• _Problem description_
Among the lines below, which ones contain the word "otherwise"? Copy every such line.

• _Extracted entries_
________________________

lemma horn_bound_iff_precsim:
  fixes f :: "real^'n \<Rightarrow> real^'p" and k :: "real^'n \<Rightarrow> real"
  assumes k: "\<And>x. 0 \<le> k x"
  shows "(\<exists>C \<alpha> w. C > 0 \<and> \<alpha> > 0 \<and> w > 0 \<and>
      (\<forall>x \<in> horn \<Sigma> r f w \<inter> {x. norm x < \<alpha>}. k x \<ge> C * infdist x \<Sigma> powr (r - 1)))
    \<longleftrightarrow> precsim (\<lambda>x. infdist x \<Sigma> powr r) (\<lambda>x. infdist x \<Sigma> * k x + norm (f x))"
proof
  assume "\<exists>C \<alpha> w. C > 0 \<and> \<alpha> > 0 \<and> w > 0 \<and>
    (\<forall>x \<in> horn \<Sigma> r f w \<inter> {x. norm x < \<alpha>}. k x \<ge> C * infdist x \<Sigma> powr (r - 1))"
  then obtain C \<alpha> w where "C > 0" "\<alpha> > 0" "w > 0"
    and "\<forall>x \<in> horn \<Sigma> r f w \<inter> {x. norm x < \<alpha>}. k x \<ge> C * infdist x \<Sigma> powr (r - 1)"
    by blast
  thus "precsim (\<lambda>x. infdist x \<Sigma> powr r) (\<lambda>x. infdist x \<Sigma> * k x + norm (f x))"
    by (intro horn_bound_imp_precsim[OF k, where C=C and \<alpha>=\<alpha> and w=w]) auto
qed (rule precsim_imp_horn_bound[OF k])

lemma Ck_germ0_linear_df:
  fixes f :: "real^'n \<Rightarrow> real^'p"
  assumes "Ck_germ0 (Suc k) f"
  obtains \<epsilon> where "\<epsilon> > 0" and "\<And>x. x \<in> cball 0 \<epsilon> \<Longrightarrow> linear (df f x)"
proof -
  obtain U where U: "open U" "0 \<in> U" "Ck_on (Suc k) U f"
    using assms unfolding Ck_germ0_def by blast
  obtain \<epsilon> where \<epsilon>: "\<epsilon> > 0" "cball 0 \<epsilon> \<subseteq> U" using U(1,2) open_contains_cball by blast
  have "f differentiable_on U" using U(3) by simp
  have "linear (df f x)" if "x \<in> U" for x
  proof -
    have "f differentiable (at x within U)"
      using \<open>f differentiable_on U\<close> that by (simp add: differentiable_on_def)
    hence "f differentiable (at x)" using at_within_open[OF that U(1)] by simp
    hence "(f has_derivative df f x) (at x)" unfolding df_def frechet_derivative_works .
    thus ?thesis by (rule has_derivative_linear)
  qed
  with \<epsilon> that show ?thesis by blast
qed
lemma integrable_prod_list_inner:
  assumes "length zs \<le> 4"
  shows "integrable M (\<lambda>\<omega>. \<Prod>z\<leftarrow>zs. z \<bullet> X \<omega>)"
proof (rule Bochner_Integration.integrable_bound)
  show "integrable M (\<lambda>\<omega>. 1 + (\<Sum>z\<in>set zs. (z \<bullet> X \<omega>) ^ 4))"
    by (intro Bochner_Integration.integrable_add Bochner_Integration.integrable_sum
        integrable_inner_fourth) simp
  show "(\<lambda>\<omega>. \<Prod>z\<leftarrow>zs. z \<bullet> X \<omega>) \<in> borel_measurable M"
    by (induction zs) auto
  have "0 \<le> 1 + (\<Sum>z\<in>set zs. (z \<bullet> X \<omega>) ^ 4)" for \<omega>
    by (intro add_nonneg_nonneg sum_nonneg) (simp_all add: zero_le_even_power)
  then show "AE \<omega> in M. norm (\<Prod>z\<leftarrow>zs. z \<bullet> X \<omega>) \<le> norm (1 + (\<Sum>z\<in>set zs. (z \<bullet> X \<omega>) ^ 4))"
    using abs_prod_list_le_fourth_powers[OF assms] by (intro AE_I2) simp
qed

lemma integrable_outer_features: "integrable M (\<lambda>\<omega>. outer (X \<omega>) (X \<omega>) $ j $ k)"
  using integrable_prod_list_inner[of "[axis j 1, axis k 1]"] by (simp add: outer_nth)

lemma inner_second_moment_mult_vec:
  "v \<bullet> (mat_expect M (\<lambda>\<omega>. outer (X \<omega>) (X \<omega>)) *v v) = (\<integral>\<omega>. (v \<bullet> X \<omega>)\<^sup>2 \<partial>M)"
  by (simp add: inner_mat_expect_mult_vec integrable_outer_features inner_outer_self_mult_vec)

lemma integral_square_mult_square_le:
  "(\<integral>\<omega>. (v \<bullet> X \<omega>)\<^sup>2 * (u \<bullet> X \<omega>)\<^sup>2 \<partial>M)\<^sup>2
     \<le> (\<integral>\<omega>. (v \<bullet> X \<omega>) ^ 4 \<partial>M) * (\<integral>\<omega>. (u \<bullet> X \<omega>) ^ 4 \<partial>M)"
  using Cauchy_Schwarz_integral[of "\<lambda>\<omega>. (v \<bullet> X \<omega>)\<^sup>2" M "\<lambda>\<omega>. (u \<bullet> X \<omega>)\<^sup>2"]
    integrable_prod_list_inner[of "[v, v, u, u]"] integrable_inner_fourth
  by (simp add: power2_eq_square power4_eq_xxxx mult_ac)

end

locale independent_noise = fourth_moment_features +
  fixes e :: "'a \<Rightarrow> real"
  assumes e_measurable [measurable]: "e \<in> borel_measurable M"
    and indep_features_noise: "indep_rv M X e"
    and integrable_noise_square: "integrable M (\<lambda>\<omega>. (e \<omega>)\<^sup>2)"
    and noise_mean_zero: "(\<integral>\<omega>. e \<omega> \<partial>M) = 0"
begin

lemma integrable_noise: "integrable M e"
  by (rule square_integrable_imp_integrable[OF e_measurable integrable_noise_square])

lemma
  fixes g :: "real \<Rightarrow> real"
  assumes "f \<in> borel_measurable borel" "g \<in> borel_measurable borel"
    and "integrable M (\<lambda>\<omega>. f (X \<omega>))" "integrable M (\<lambda>\<omega>. g (e \<omega>))"
  shows integrable_features_mult_noise: "integrable M (\<lambda>\<omega>. f (X \<omega>) * g (e \<omega>))"
    and integral_features_mult_noise:
      "(\<integral>\<omega>. f (X \<omega>) * g (e \<omega>) \<partial>M) = (\<integral>\<omega>. f (X \<omega>) \<partial>M) * (\<integral>\<omega>. g (e \<omega>) \<partial>M)"
  using indep_rv_imp_indep_var_compose[OF X_measurable e_measurable assms(1,2) indep_features_noise]
  by (simp_all add: indep_var_integrable indep_var_lebesgue_integral assms(3,4))

lemma
  shows integrable_cubic_mult_noise:
      "integrable M (\<lambda>\<omega>. (a \<bullet> X \<omega>) * (b \<bullet> X \<omega>) * (c \<bullet> X \<omega>) * e \<omega>)"
    and integral_cubic_mult_noise:
      "(\<integral>\<omega>. (a \<bullet> X \<omega>) * (b \<bullet> X \<omega>) * (c \<bullet> X \<omega>) * e \<omega> \<partial>M) = 0"
proof -
  have "integrable M (\<lambda>\<omega>. (a \<bullet> X \<omega>) * (b \<bullet> X \<omega>) * (c \<bullet> X \<omega>))"
    using integrable_prod_list_inner[of "[a, b, c]"] by (simp add: mult_ac)
  note * = this integrable_noise
  show "integrable M (\<lambda>\<omega>. (a \<bullet> X \<omega>) * (b \<bullet> X \<omega>) * (c \<bullet> X \<omega>) * e \<omega>)"
    by (rule integrable_features_mult_noise[where f="\<lambda>x. (a \<bullet> x) * (b \<bullet> x) * (c \<bullet> x)"
          and g="\<lambda>t. t", OF _ _ *]) measurable
  show "(\<integral>\<omega>. (a \<bullet> X \<omega>) * (b \<bullet> X \<omega>) * (c \<bullet> X \<omega>) * e \<omega> \<partial>M) = 0"
    by (subst integral_features_mult_noise[where f="\<lambda>x. (a \<bullet> x) * (b \<bullet> x) * (c \<bullet> x)"
          and g="\<lambda>t. t", OF _ _ *]) (simp_all add: noise_mean_zero)
qed

lemma
  shows integrable_quadratic_mult_noise_square:
      "integrable M (\<lambda>\<omega>. (a \<bullet> X \<omega>) * (b \<bullet> X \<omega>) * (e \<omega>)\<^sup>2)"
    and integral_quadratic_mult_noise_square:
      "(\<integral>\<omega>. (a \<bullet> X \<omega>) * (b \<bullet> X \<omega>) * (e \<omega>)\<^sup>2 \<partial>M)
         = (\<integral>\<omega>. (a \<bullet> X \<omega>) * (b \<bullet> X \<omega>) \<partial>M) * (\<integral>\<omega>. (e \<omega>)\<^sup>2 \<partial>M)"
proof -
  have "integrable M (\<lambda>\<omega>. (a \<bullet> X \<omega>) * (b \<bullet> X \<omega>))"
    using integrable_prod_list_inner[of "[a, b]"] by simp
  note * = this integrable_noise_square
  show "integrable M (\<lambda>\<omega>. (a \<bullet> X \<omega>) * (b \<bullet> X \<omega>) * (e \<omega>)\<^sup>2)"
    by (rule integrable_features_mult_noise[where f="\<lambda>x. (a \<bullet> x) * (b \<bullet> x)"
          and g="\<lambda>t. t\<^sup>2", OF _ _ *]) measurable
  show "(\<integral>\<omega>. (a \<bullet> X \<omega>) * (b \<bullet> X \<omega>) * (e \<omega>)\<^sup>2 \<partial>M)
         = (\<integral>\<omega>. (a \<bullet> X \<omega>) * (b \<bullet> X \<omega>) \<partial>M) * (\<integral>\<omega>. (e \<omega>)\<^sup>2 \<partial>M)"
    by (rule integral_features_mult_noise[where f="\<lambda>x. (a \<bullet> x) * (b \<bullet> x)"
          and g="\<lambda>t. t\<^sup>2", OF _ _ *]) measurable
qed
theorem mu_not_constant_on_ever_branching:
  assumes "strictly_convex_on_C0 N" and ever_branching: "ever_branching \<Gamma>"
  shows "\<not> (\<forall>t\<in>\<Gamma>. mu N t = c)"
proof
  assume const: "\<forall>t\<in>\<Gamma>. mu N t = c"
  obtain t where root: "t \<in> \<Gamma>" using ever_branching unfolding ever_branching_def by blast
  let ?l = "child \<Gamma> t True"
  have l: "?l \<in> \<Gamma>" "t \<le> ?l" using child_in le_child ever_branching root by blast+
  let ?x = "branch_weight \<Gamma> t" and ?y = "branch_weight \<Gamma> ?l"
  have x: "admissible t ?x" and y: "admissible ?l ?y"
    using admissible_branch_weight tree ever_branching root l(1) by blast+
  have "c \<le> N (\<lambda>s. (?x s + ?y s) / 2)"
    using mu_le_admissible[OF admissible_midpoint[OF tree x y l(2)]] const root by simp
  moreover have "N ?x \<le> c" "N ?y \<le> c"
    using norm_branch_weight_le[OF ever_branching] const root l(1) by auto
  ultimately have "?x = ?y"
    using eq_if_norm_midpoint_ge[OF assms(1)] x y by (simp add: admissible_def)
  moreover have "?y ?l = 1" using y by (simp add: admissible_def)
  moreover have "?x ?l \<le> 1 / 2" by (rule branch_weight_at_child[OF tree ever_branching root])
  ultimately show False by simp
qed

end

theorem proposition3p4:
  fixes N :: "('a::order \<Rightarrow> real) \<Rightarrow> real" and \<Gamma> :: "'a set"
  assumes "is_tree TYPE('a)"
    and "equivalent_norm_on_C0 N"
    and "strictly_convex_on_C0 N"
    and "ever_branching \<Gamma>"
  shows "\<not> (\<exists>c. \<forall>t\<in>\<Gamma>. mu N t = c)"
proof -
  obtain a b where "C0_equivalent_norm N a b"
    using assms(1,2) unfolding equivalent_norm_on_C0_def C0_equivalent_norm_def by blast
  then show ?thesis using C0_equivalent_norm.mu_not_constant_on_ever_branching assms(3,4) by blast
qed

end
lemma sum_weights_bounds:
  assumes "mono lam" "low_idx lam n \<noteq> {}"
    and phi0: "\<And>x. x \<in> space M \<Longrightarrow> \<phi> 0 x = 1"
    and y: "\<And>k. k \<in> K \<Longrightarrow> y k \<in> space M"
    and sampling: "\<And>p. p \<in> Pspace \<phi> lam n \<Longrightarrow>
          A * (L2norm M p)\<^sup>2 \<le> (\<Sum>k\<in>K. \<bar>p (y k)\<bar>\<^sup>2 * \<tau> k) \<and>
          (\<Sum>k\<in>K. \<bar>p (y k)\<bar>\<^sup>2 * \<tau> k) \<le> B * (L2norm M p)\<^sup>2"
  shows "A \<le> sum \<tau> K \<and> sum \<tau> K \<le> B"
proof -
  have "\<phi> 0 \<in> Pspace \<phi> lam n"
    using assms(1,2) by (intro basis_in_Pspace finite_low_idx lam_at_top zero_in_low_idx)
  moreover have "(L2norm M (\<phi> 0))\<^sup>2 = 1"
    unfolding power2_L2norm using orthonormal[of 0 0] by (simp add: l2inner_def power2_eq_square)
  moreover have "(\<Sum>k\<in>K. \<bar>\<phi> 0 (y k)\<bar>\<^sup>2 * \<tau> k) = sum \<tau> K"
    using phi0 y by simp
  ultimately show ?thesis
    using sampling[of "\<phi> 0"] by simp
qed

lemma Pproj_minus_least_squares_bound:
  assumes "mono lam"
    and phi0: "\<And>x. x \<in> space M \<Longrightarrow> \<phi> 0 x = 1"
    and y: "\<And>k. k \<in> K \<Longrightarrow> y k \<in> space M"
    and \<tau>: "\<And>k. k \<in> K \<Longrightarrow> \<tau> k \<ge> 0"
    and "A > 0"
    and sampling: "\<And>p. p \<in> Pspace \<phi> lam n \<Longrightarrow>
          A * (L2norm M p)\<^sup>2 \<le> (\<Sum>k\<in>K. \<bar>p (y k)\<bar>\<^sup>2 * \<tau> k) \<and>
          (\<Sum>k\<in>K. \<bar>p (y k)\<bar>\<^sup>2 * \<tau> k) \<le> B * (L2norm M p)\<^sup>2"
    and f: "continuous_on (space M) f"
    and q: "q \<in> Pspace \<phi> lam n"
    and q_min: "\<And>p. p \<in> Pspace \<phi> lam n \<Longrightarrow>
          (\<Sum>k\<in>K. \<bar>f (y k) - q (y k)\<bar>\<^sup>2 * \<tau> k) \<le> (\<Sum>k\<in>K. \<bar>f (y k) - p (y k)\<bar>\<^sup>2 * \<tau> k)"
  shows "(L2norm M (\<lambda>x. Pproj M \<phi> lam n f x - q x))\<^sup>2
           \<le> (B / A)\<^sup>2 * (supnorm (space M) (\<lambda>x. f x - Pproj M \<phi> lam n f x))\<^sup>2"
proof -
  define g where "g = (\<lambda>x. f x - Pproj M \<phi> lam n f x)"
  define r where "r = (\<lambda>x. Pproj M \<phi> lam n f x - q x)"
  define S where "S = supnorm (space M) g"
  have r_in: "r \<in> Pspace \<phi> lam n"
    unfolding r_def using q by (rule Pproj_minus_in_Pspace)
  show ?thesis
  proof (cases "low_idx lam n = {}")
    case True
    then show ?thesis
      using Pspace_low_idx_empty[OF True r_in] by (simp add: r_def L2norm_def)
  next
    case False
    then have weights: "A \<le> sum \<tau> K" "sum \<tau> K \<le> B"
      using sum_weights_bounds[OF \<open>mono lam\<close> False phi0 y sampling] by auto
    have g_cont: "continuous_on (space M) g"
      unfolding g_def using f by (rule continuous_Pproj_residual)
    have "A * (L2norm M r)\<^sup>2 \<le> (\<Sum>k\<in>K. (r (y k))\<^sup>2 * \<tau> k)"
      using sampling[OF r_in] by simp
    also have "\<dots> \<le> (\<Sum>k\<in>K. (g (y k))\<^sup>2 * \<tau> k)"
      unfolding r_def g_def using \<tau> q q_min by (rule sampled_Pproj_minus_least_squares_le)
    also have "\<dots> \<le> (\<Sum>k\<in>K. S\<^sup>2 * \<tau> k)"
      using power2_le_supnorm[OF compact_space g_cont] y \<tau> unfolding S_def
      by (intro sum_mono mult_right_mono) auto
    also have "\<dots> \<le> S\<^sup>2 * B"
      using weights by (simp add: sum_distrib_left[symmetric] mult_left_mono)
    finally have "(L2norm M r)\<^sup>2 \<le> (B / A) * S\<^sup>2"
      using \<open>A > 0\<close> by (simp add: field_simps)
    also have "\<dots> \<le> (B / A)\<^sup>2 * S\<^sup>2"
    proof (rule mult_right_mono)
      have "1 \<le> B / A"
        using weights \<open>A > 0\<close> by simp
      then have "B / A * 1 \<le> B / A * (B / A)"
        by (intro mult_left_mono) auto
      then show "B / A \<le> (B / A)\<^sup>2"
        by (simp only: power2_eq_square mult_1_right)
    qed simp
    finally show ?thesis
      by (simp add: S_def g_def r_def)
  qed
qed
(* Let $n\ge2$, let $\mathcal{C}_i^X$ denote the set of maximal flags of $\mathrm{PG}(n,q)$ of type $i$ with respect to the point $X$. Then for all $i,j\in[n+1]$ and points $X,Y$, $$|\mathcal{C}_i^X\cap\mathcal{C}_j^Y|=\begin{cases}\delta_{ij}\,c(n-1)\,q^{i-1}&\text{if }X=Y,\\ c(n-2)\,q^{i-2}(q^{j-1}-\delta_{ij})&\text{if }X\neq Y.\end{cases}$$
   Context: A maximal flag of $\mathrm{PG}(n,q)$ is $(U_1,\dots,U_n)$ with $U_1\subset\cdots\subset U_n$ subspaces of $\mathbb{F}_q^{n+1}$, $\dim U_i=i$. Its type with respect to a point $X$ is the smallest $k\in[n]$ with $X\subseteq U_k$, and $n+1$ otherwise. $v(k)=\frac{q^{k+1}-1}{q-1}$ is the number of points of $\mathrm{PG}(k,q)$ and $c(k)=\prod_{i=1}^k v(i)$ is the number of maximal flags of $\mathrm{PG}(k,q)$ (with $c(0)=1$). *)

theory Defs
  imports "HOL-Analysis.Analysis"
begin

text \<open>The projective space PG(n,q) is modelled on the vector space 'a^'b over a
finite field 'a (q = CARD('a)) with CARD('b) = n+1. Subspaces and dimensions
are the library notions vec.subspace / vec.dim for scalar multiplication (*s).\<close>

definition pg_points :: "('a::{field,finite} ^ 'b) set set" where
  "pg_points = {X. vec.subspace X \<and> vec.dim X = 1}"

text \<open>Outside the index range [1,n] the function is
set to the empty set so that each flag has a unique representative.\<close>

definition max_flags :: "(nat \<Rightarrow> ('a::{field,finite} ^ 'b) set) set" where
  "max_flags = {U. (\<forall>i\<in>{1..CARD('b) - 1}. vec.subspace (U i) \<and> vec.dim (U i) = i)
                 \<and> (\<forall>i\<in>{1..<CARD('b) - 1}. U i \<subseteq> U (Suc i))
                 \<and> (\<forall>i. i \<notin> {1..CARD('b) - 1} \<longrightarrow> U i = {})}"

definition flag_type :: "('a::{field,finite} ^ 'b) set \<Rightarrow> (nat \<Rightarrow> ('a ^ 'b) set) \<Rightarrow> nat" where
  "flag_type X U =
     (if \<exists>k\<in>{1..CARD('b) - 1}. X \<subseteq> U k
      then LEAST k. k \<in> {1..CARD('b) - 1} \<and> X \<subseteq> U k
      else CARD('b))"

definition flags_of_type :: "nat \<Rightarrow> ('a::{field,finite} ^ 'b) set \<Rightarrow> (nat \<Rightarrow> ('a ^ 'b) set) set" where
  "flags_of_type i X = {U \<in> max_flags. flag_type X U = i}"

definition pg_v :: "nat \<Rightarrow> nat \<Rightarrow> nat" where
  "pg_v q k = (q ^ (k + 1) - 1) div (q - 1)"

definition pg_c :: "nat \<Rightarrow> nat \<Rightarrow> nat" where
  "pg_c q k = (\<Prod>i=1..k. pg_v q i)"

end

theory Submission
  imports Defs
begin

text \<open>
  A maximal flag of PG(n,q) is a chain {0} = U_0 < U_1 < ... < U_n of subspaces of F_q^(n+1) in
  which each member is an upper cover of the previous one, and a k-dimensional subspace has
  [n+1-k]_q = 1 + q + ... + q^(n-k) upper covers. Prescribing the type i of the flag with respect
  to a point <x> says, when U_(k+1) is chosen above U_k, whether x must lie in it: all
  [n+1-k]_q covers are admissible if k >= i, exactly one if k+1 = i, and the [n+1-k]_q - 1
  covers avoiding x if k+1 < i. These numbers depend only on k, so their product q^(i-1) c(n-1)
  counts the flags.
  For two points <x> \<noteq> <y> and types i < j, the members of dimension below i meet the line
  <x,y> trivially (otherwise U_i would contain y). Adding this redundant condition makes the
  number of admissible covers depend only on k again, which gives q^(i+j-3) c(n-2).
  Finally, partitioning the flags of type i with respect to <x> by their type with respect to
  <y> leaves the part of type i as the only unknown.
\<close>

section \<open>q-integers and q-factorials\<close>

definition qint :: "nat \<Rightarrow> nat \<Rightarrow> nat" where
  "qint q m = (\<Sum>k<m. q ^ k)"

lemma qint_0 [simp]: "qint q 0 = 0"
  by (simp add: qint_def)

lemma qint_Suc [simp]: "qint q (Suc m) = 1 + q * qint q m"
  unfolding qint_def by (subst sum.lessThan_Suc_shift) (simp add: sum_distrib_left)

lemma pred_mult_qint: "(q - 1) * qint q m = q ^ m - 1"
proof (cases "q = 0")
  case False
  then have "int ((q - 1) * qint q m) = int q ^ m - 1"
    by (simp add: qint_def of_nat_diff power_diff_1_eq[symmetric])
  also have "\<dots> = int (q ^ m - 1)" using False by (simp add: of_nat_diff)
  finally show ?thesis by (simp only: of_nat_eq_iff)
qed (simp add: qint_def power_0_left)

lemma of_nat_qint: "of_nat (qint q m) = (\<Sum>l=1..m. (of_nat q :: 'a::comm_semiring_1) ^ (l - 1))"
  by (simp add: qint_def sum.atLeast1_atMost_eq)

lemma qint_add_2_diff: "qint q (m + 2) - qint q 2 = q ^ 2 * qint q m"
  by (simp add: power2_eq_square algebra_simps numeral_2_eq_2)

fun qfact :: "nat \<Rightarrow> nat \<Rightarrow> nat" where
  "qfact q 0 = 1"
| "qfact q (Suc n) = qint q (Suc n) * qfact q n"

lemma prod_qint_descending: "(\<Prod>k<n. qint q (n + 1 - k)) = qfact q (Suc n)"
proof (induction n)
  case (Suc n)
  have "(\<Prod>k<Suc n. qint q (Suc n + 1 - k)) = qint q (Suc n + 1) * (\<Prod>k<n. qint q (n + 1 - k))"
    using prod.lessThan_Suc_shift[of "\<lambda>k. qint q (Suc n + 1 - k)" n] by simp
  then show ?case using Suc by (simp del: qint_Suc)
qed simp

lemma pg_c_eq_qfact:
  assumes "q \<ge> 2"
  shows "pg_c q k = qfact q (Suc k)"
proof -
  have "pg_v q m = qint q (Suc m)" for m
  proof -
    have "pg_v q m = ((q - 1) * qint q (Suc m)) div (q - 1)"
      by (simp only: pg_v_def pred_mult_qint Suc_eq_plus1)
    also have "\<dots> = qint q (Suc m)" using assms by (intro nonzero_mult_div_cancel_left) simp
    finally show ?thesis .
  qed
  then show ?thesis
  proof (induction k)
    case (Suc k)
    have "pg_c q (Suc k) = pg_c q k * pg_v q (Suc k)" by (simp add: pg_c_def)
    then show ?case using Suc by (simp del: qint_Suc)
  qed (simp add: pg_c_def)
qed

lemma power_eq_power_int_mult:
  fixes r :: "'a::field"
  assumes "r \<noteq> 0" "1 \<le> j" "3 \<le> i + j"
  shows "r ^ (i + j - 3) = r powi (int i - 2) * r ^ (j - 1)"
proof -
  have "int (i + j - 3) = (int i - 2) + int (j - 1)" using assms by simp
  then show ?thesis using power_int_add[of r "int i - 2" "int (j - 1)"] assms(1)
    by (metis power_int_of_nat)
qed

section \<open>Counting subspaces\<close>

lemma card_field_ge_2: "CARD('a::{field,finite}) \<ge> 2"
proof -
  have "card {0::'a, 1} \<le> CARD('a)" by (rule card_mono) auto
  then show ?thesis by simp
qed

lemma card_span_insert:
  fixes a :: "'a::{field,finite}^'b"
  assumes a: "a \<notin> vec.span S"
  shows "card (vec.span (insert a S)) = CARD('a) * card (vec.span S)"
proof -
  let ?f = "\<lambda>(k, y). k *s a + y"
  have "inj_on ?f (UNIV \<times> vec.span S)"
  proof (rule inj_onI, clarsimp)
    fix k k' :: 'a and y y'
    assume y: "y \<in> vec.span S" "y' \<in> vec.span S" and eq: "k *s a + y = k' *s a + y'"
    have "(k - k') *s a = y' - y"
      using eq by (simp add: vector_sub_rdistrib algebra_simps eq_diff_eq)
    then have "(k - k') *s a \<in> vec.span S" using vec.span_diff[OF y(2) y(1)] by simp
    have "k = k'"
    proof (rule ccontr)
      assume "k \<noteq> k'"
      then have "inverse (k - k') *s ((k - k') *s a) = a" by (simp only: vector_smult_assoc) simp
      then show False using a vec.span_scale[OF \<open>(k - k') *s a \<in> vec.span S\<close>] by metis
    qed
    then show "k = k' \<and> y = y'" using eq by simp
  qed
  moreover have "?f ` (UNIV \<times> vec.span S) = vec.span (insert a S)"
  proof (rule set_eqI, rule iffI)
    fix x assume "x \<in> ?f ` (UNIV \<times> vec.span S)"
    then obtain k y where "x = k *s a + y" "y \<in> vec.span S" by auto
    then show "x \<in> vec.span (insert a S)" by (auto simp: vec.span_breakdown_eq intro!: exI[of _ k])
  next
    fix x assume "x \<in> vec.span (insert a S)"
    then obtain k where "x - k *s a \<in> vec.span S" by (auto simp: vec.span_breakdown_eq)
    then show "x \<in> ?f ` (UNIV \<times> vec.span S)" by (intro image_eqI[of _ _ "(k, x - k *s a)"]) auto
  qed
  ultimately show ?thesis by (metis card_image card_cartesian_product)
qed

lemma card_span_independent:
  fixes B :: "('a::{field,finite}^'b) set"
  assumes "vec.independent B"
  shows "card (vec.span B) = CARD('a) ^ card B"
  using vec.finiteI_independent[OF assms] assms
proof (induction B rule: finite_induct)
  case (insert b B)
  then show ?case by (simp add: vec.independent_insert card_span_insert)
qed simp

lemma card_subspace:
  fixes S :: "('a::{field,finite}^'b) set"
  assumes "vec.subspace S"
  shows "card S = CARD('a) ^ vec.dim S"
proof -
  obtain B where "B \<subseteq> S" "vec.independent B" "S \<subseteq> vec.span B" "card B = vec.dim S"
    using vec.basis_exists by blast
  with vec.span_minimal[OF _ assms] have "vec.span B = S" "vec.independent B" "card B = vec.dim S"
    by auto
  then show ?thesis using card_span_independent by metis
qed

definition upper_covers :: "('a::{field,finite}^'b) set \<Rightarrow> ('a^'b) set \<Rightarrow> ('a^'b) set set" where
  "upper_covers A S = {W. vec.subspace W \<and> A \<subseteq> W \<and> W \<subseteq> S \<and> vec.dim W = Suc (vec.dim A)}"

lemma upper_cover_eq_span_insert:
  assumes A: "vec.subspace A" and W: "W \<in> upper_covers A S" and v: "v \<in> W" "v \<notin> A"
  shows "W = vec.span (insert v A)"
proof -
  have W': "vec.subspace W" "A \<subseteq> W" "vec.dim W = Suc (vec.dim A)"
    using W by (auto simp: upper_covers_def)
  have sub: "vec.span (insert v A) \<subseteq> W" using W' v by (intro vec.span_minimal) auto
  have "vec.dim (vec.span (insert v A)) = vec.dim W"
    using W' v A by (simp add: vec.dim_insert A[folded vec.span_eq_iff])
  then show ?thesis using vec.subspace_dim_equal[OF vec.subspace_span W'(1) sub] by simp
qed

________________________

• _Task response_
   Context: A maximal flag of $\mathrm{PG}(n,q)$ is $(U_1,\dots,U_n)$ with $U_1\subset\cdots\subset U_n$ subspaces of $\mathbb{F}_q^{n+1}$, $\dim U_i=i$. Its type with respect to a point $X$ is the smallest $k\in[n]$ with $X\subseteq U_k$, and $n+1$ otherwise. $v(k)=\frac{q^{k+1}-1}{q-1}$ is the number of points of $\mathrm{PG}(k,q)$ and $c(k)=\prod_{i=1}^k v(i)$ is the number of maximal flags of $\mathrm{PG}(k,q)$ (with $c(0)=1$). *)
  <x,y> trivially (otherwise U_i would contain y). Adding this redundant condition makes the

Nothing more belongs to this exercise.